I am also very worried about my prognosis and life expectancy. I know every case is different, but I would appreciate hearing from people living with a similar diagnosis and how long they have been able to live with this condition.

Another thing that confuses me is that my doctors have not explained much to me yet, so I still do not fully understand whether this is considered cancer or something different.

Thank you to anyone willing to share their experience or advice.

Hello @michaela258, and welcome to the NETs support group on Mayo Clinic Connect. I'm glad that you found this forum. NETs are a rare form of cancer, and we all have questions about treatment and what to expect. We do have many members with Pnets.

Here is a link to a discussion from a member who has NETs on the head of the pancreas:
--Need more information on NET in the head of the pancreas
https://connect.mayoclinic.org/discussion/need-more-information-on-net-in-head-of-pancreas/
I would encourage you to read the posts. I would also like to invite @tomrennie to this discussion. He is also a mentor in the NETs group and has pancreatic NETs. I'm sure he will share his journey with you. I would also like to invite @lindabees, whose spouse has had NETs in the pancreas for many years.

As you are new to this diagnosis, my first suggestion would be to seek out a NET specialist. These are oncologists with specialized training and experience in NETs. Not all general oncologists have expertise with this form of cancer, and it will be to your advantage to have at least one consultation with one of these specialists. There are NET specialists at all three Mayo Clinic locations (appointment information is available at http://mayocl.in/1mtmR63). If it is not possible to be seen at a Mayo facility, here is a link from the Neuroendocrine Tumor Research Foundation with a listing of NET specialists in the U.S.: https://netrf.org/for-patients/neuroendocrine-tumor-doctor-database/page/8/

How are you feeling, @michaela258. Were there specific symptoms that led to this diagnosis?

@hopeful33250 Hello,

Thank you very much for your feedback and for taking the time to respond.
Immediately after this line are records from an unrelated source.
text \<open>
  Sensitivity of a periodic system of interval maps improves to cofinite sensitivity: for some
  \<open>\<eta> > 0\<close> and every open \<open>U\<close>, points of \<open>U\<close> are separated by more than \<open>\<eta>\<close> under
  \<open>f_1^n\<close> for all large \<open>n\<close>. Separation at all large times is inherited by every block
  system and by any finitely many open sets at once, which gives the three stronger notions;
  each of them specialises back to sensitivity.

  For cofinite sensitivity with period \<open>k\<close>, cut \<open>[0,1]\<close> into cells of length \<open>e\<close>.
  Equicontinuity of the finitely many maps \<open>f_1^s\<close>, \<open>s < k\<close>, turns sensitivity into expansion
  at multiples of the period: every open set contains an interval whose image under some
  \<open>f_1^(kq)\<close> has length at least \<open>2e\<close> and so, being connected, contains a whole cell.
  Applied to the cells themselves this yields a bound \<open>M\<close> such that every cell covers some
  cell again within \<open>M\<close> periods; hence once \<open>f_1^t(U)\<close> contains a cell, it does so again
  after gaps of at most \<open>Mk\<close>. No \<open>f_1^m\<close> is constant on a cell (sensitivity again), so a
  single \<open>\<eta>\<close> works for every cell and every \<open>m < Mk\<close>, which bridges the gaps.
\<close>

lemma finite_ex_pos_uniform:
  fixes P :: "'a \<Rightarrow> real \<Rightarrow> bool"
  assumes "finite A"
    and pos: "\<And>a. a \<in> A \<Longrightarrow> \<exists>e>0. P a e"
    and mono: "\<And>a e e'. P a e \<Longrightarrow> 0 < e' \<Longrightarrow> e' \<le> e \<Longrightarrow> P a e'"
  shows "\<exists>e>0. \<forall>a\<in>A. P a e"
proof -
  have "\<forall>a\<in>A. \<forall>\<^sub>F e in at_right 0. P a e"
  proof
    fix a assume "a \<in> A"
    then obtain e where "0 < e" "P a e" using pos by blast
    then show "\<forall>\<^sub>F e' in at_right 0. P a e'"
      unfolding eventually_at_right_field using mono by (auto intro!: exI[of _ e])
  qed
  then have "\<forall>\<^sub>F e in at_right 0. 0 < e \<and> (\<forall>a\<in>A. P a e)"
    by (intro eventually_conj eventually_at_right_less eventually_ball_finite assms(1))
  then show ?thesis
    by (rule eventually_happens'[OF trivial_limit_at_right_real])
qed

lemma bounded_gaps_cover:
  fixes R :: "nat \<Rightarrow> bool"
  assumes "R t\<^sub>0"
    and gap: "\<And>t. R t \<Longrightarrow> \<exists>t'. R t' \<and> t < t' \<and> t' \<le> t + D"
    and "t\<^sub>0 \<le> n"
  shows "\<exists>t. R t \<and> t \<le> n \<and> n < t + D"
  using \<open>t\<^sub>0 \<le> n\<close>
proof (induction n rule: dec_induct)
  case base
  show ?case using gap[OF \<open>R t\<^sub>0\<close>] \<open>R t\<^sub>0\<close> by auto
next
  case (step n)
  then obtain t where t: "R t" "t \<le> n" "n < t + D" by blast
  show ?case
  proof (cases "Suc n < t + D")
    case True
    then show ?thesis using t by auto
  next
    case False
    with t have "Suc n = t + D" by simp
    obtain t' where "R t'" "t < t'" "t' \<le> t + D" using gap[OF \<open>R t\<close>] by blast
    with \<open>Suc n = t + D\<close> show ?thesis by (intro exI[of _ t']) auto
  qed
qed

lemma ncomp_add: "ncomp f i (a + b) = ncomp f (i + a) b \<circ> ncomp f i a"
  by (induction b) (auto simp: add.assoc)

lemma ncomp_block: "ncomp (block f c) 1 n = ncomp f 1 (c * n)"
proof (induction n)
  case (Suc n)
  have "ncomp (block f c) 1 (Suc n) = ncomp f (1 + c * n) c \<circ> ncomp f 1 (c * n)"
    using Suc by (simp add: block_def)
  also have "\<dots> = ncomp f 1 (c * n + c)"
    by (rule ncomp_add[symmetric])
  finally show ?case by (simp add: add.commute)
qed simp

lemma Nset_block_one: "Nset (block f 1) = Nset f"
  by (intro ext) (simp only: Nset_def ncomp_block mult_1)

lemma Nset_blockI:
  assumes "1 \<le> n" "c * n \<in> Nset f V \<delta>"
  shows "n \<in> Nset (block f c) V \<delta>"
  using assms unfolding Nset_def ncomp_block by simp

section \<open>Cofinite sensitivity\<close>

definition cofinitely_sensitive :: "(nat \<Rightarrow> real \<Rightarrow> real) \<Rightarrow> bool" where
  "cofinitely_sensitive f \<longleftrightarrow>
     (\<exists>\<delta>>0. \<forall>V. nopen01 V \<longrightarrow> (\<forall>\<^sub>F n in sequentially. n \<in> Nset f V \<delta>))"

lemma Inter_Nset_blocks_nonempty:
  assumes cof: "\<And>V. nopen01 V \<Longrightarrow> \<forall>\<^sub>F n in sequentially. n \<in> Nset f V \<delta>"
    and v: "\<forall>i<r. 1 \<le> v i" and U: "\<forall>i<r. nopen01 (U i)"
  shows "(\<Inter>i<(r::nat). Nset (block f (v i)) (U i) \<delta>) \<noteq> {}"
proof -
  have "\<forall>\<^sub>F n in sequentially. \<forall>i\<in>{..<r}. n \<in> Nset f (U i) \<delta>"
    using U cof by (intro eventually_ball_finite) auto
  then obtain N where N: "\<And>n i. N \<le> n \<Longrightarrow> i < r \<Longrightarrow> n \<in> Nset f (U i) \<delta>"
    unfolding eventually_sequentially by blast
  have "Suc N \<in> Nset (block f (v i)) (U i) \<delta>" if "i < r" for i
  proof (rule Nset_blockI)
    have "Suc N \<le> v i * Suc N"
      using mult_le_mono1[of 1 "v i" "Suc N"] v that by simp
    then show "v i * Suc N \<in> Nset f (U i) \<delta>"
      using N that by simp
  qed simp
  then show ?thesis
    by blast
qed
I truly appreciate it.

I live in a smaller country where access to highly specialized doctors is limited, and it is likely that we do not yet have the same level of technology or treatment protocols that are available in your country. Because of this, I am very grateful to be able to connect with you and learn from your experience. It helps me understand whether I am on the right path or if there may be alternative treatment options worth considering.

At the moment, I would also like to ask about the biopsy, as I am receiving two different opinions. One is that a biopsy is necessary to properly determine the aggressiveness of the tumor, while the other suggests that it could potentially be risky if the tumor is punctured. I am not sure what the standard approach is in cases like this, and I would really appreciate hearing how this is typically handled in your experience.

If you are willing to share, I would be very grateful to hear how this was managed in your own case.

Thank you very much again for your time and support.